■ **Task to carry out**
Filter the listing below for "thesis" and report every line that has it.

■ **Source material**
•••

lemma grows_below_fresh:
  assumes "downward_closed T" and "is_leaf T l" and "grows_below l M" and "M b \<noteq> None"
  shows "T b = None"
proof -
  obtain y s where "b = l @ y # s"
    using assms(3,4) unfolding grows_below_def by blast
  moreover have "T (l @ [y]) = None"
    using assms(2) unfolding is_leaf_def by (cases y) auto
  ultimately show ?thesis using downward_closed_None_below[OF assms(1)] by simp
qed

lemma add_below_old: "\<not> (\<exists>l\<in>Bs. g l b \<noteq> None) \<Longrightarrow> add_below T Bs g b = T b"
  by (simp add: add_below_def)

lemma add_below_new:
  "l \<in> Bs \<Longrightarrow> g l b \<noteq> None \<Longrightarrow> \<exists>l'\<in>Bs. add_below T Bs g b = g l' b \<and> g l' b \<noteq> None"
  using someI_ex[of "\<lambda>l. l \<in> Bs \<and> g l b \<noteq> None"] by (auto simp: add_below_def)

lemma add_below_awake_extension:
  assumes dc: "downward_closed T" and leaves: "Bs \<subseteq> {l. is_leaf T l}"
    and grows: "\<And>l. l \<in> Bs \<Longrightarrow> grows_below l (g l)"
  shows "awake_extension T (add_below T Bs g)" (is "awake_extension T ?E")
proof -
  have fresh: "T b = None" if l: "l \<in> Bs" and b: "g l b \<noteq> None" for l b
    using leaves l by (intro grows_below_fresh[OF dc _ grows[OF l] b]) blast
  have old: "?E b = T b" if "T b \<noteq> None" for b
  proof -
    have "\<not> (\<exists>l\<in>Bs. g l b \<noteq> None)" using that fresh by auto
    then show ?thesis by (rule add_below_old)
  qed
  have "downward_closed ?E"
    unfolding downward_closed_def
  proof (intro allI impI)
    fix b x assume child: "?E (b @ [x]) \<noteq> None"
    show "?E b \<noteq> None"
    proof (cases "\<exists>l\<in>Bs. g l (b @ [x]) \<noteq> None")
      case True
      then obtain l where l: "l \<in> Bs" "g l (b @ [x]) \<noteq> None" by blast
      then have "b = l \<or> g l b \<noteq> None" using grows unfolding grows_below_def by blast
      then show ?thesis
      proof
        assume "b = l"
        then have "T b \<noteq> None" using leaves l(1) unfolding is_leaf_def by blast
        then show ?thesis using old by simp
      next
        assume "g l b \<noteq> None"
        then obtain l' where "?E b = g l' b" "g l' b \<noteq> None" using add_below_new[OF l(1)] by blast
        then show ?thesis by simp
      qed
    next
      case False
      then have "?E (b @ [x]) = T (b @ [x])" by (rule add_below_old)
      with child have "T (b @ [x]) \<noteq> None" by simp
      then have "T b \<noteq> None" using dc unfolding downward_closed_def by blast
      then show ?thesis using old by simp
    qed
  qed
  moreover have "awake ?E b" if "?E b \<noteq> None" and "T b = None" for b
  proof -
    have "\<exists>l\<in>Bs. g l b \<noteq> None"
    proof (rule ccontr)
      assume "\<not> (\<exists>l\<in>Bs. g l b \<noteq> None)"
      then have "?E b = T b" by (rule add_below_old)
      with that show False by simp
    qed
    then obtain l0 where "l0 \<in> Bs" "g l0 b \<noteq> None" by blast
    then obtain l where l: "l \<in> Bs" and "?E b = g l b" "g l b \<noteq> None"
      using add_below_new by blast
    moreover have "awake (g l) b"
      using grows[OF l] \<open>g l b \<noteq> None\<close> unfolding grows_below_def by blast
    ultimately show ?thesis by (simp add: awake_def)
  qed
  ultimately show ?thesis using old unfolding awake_extension_def by blast
qed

•••

■ **Expected answer**
  ultimately show ?thesis using downward_closed_None_below[OF assms(1)] by simp
    then show ?thesis by (rule add_below_old)
      then show ?thesis
        then show ?thesis using old by simp
        then show ?thesis by simp
      then show ?thesis using old by simp
    ultimately show ?thesis by (simp add: awake_def)
  ultimately show ?thesis using old unfolding awake_extension_def by blast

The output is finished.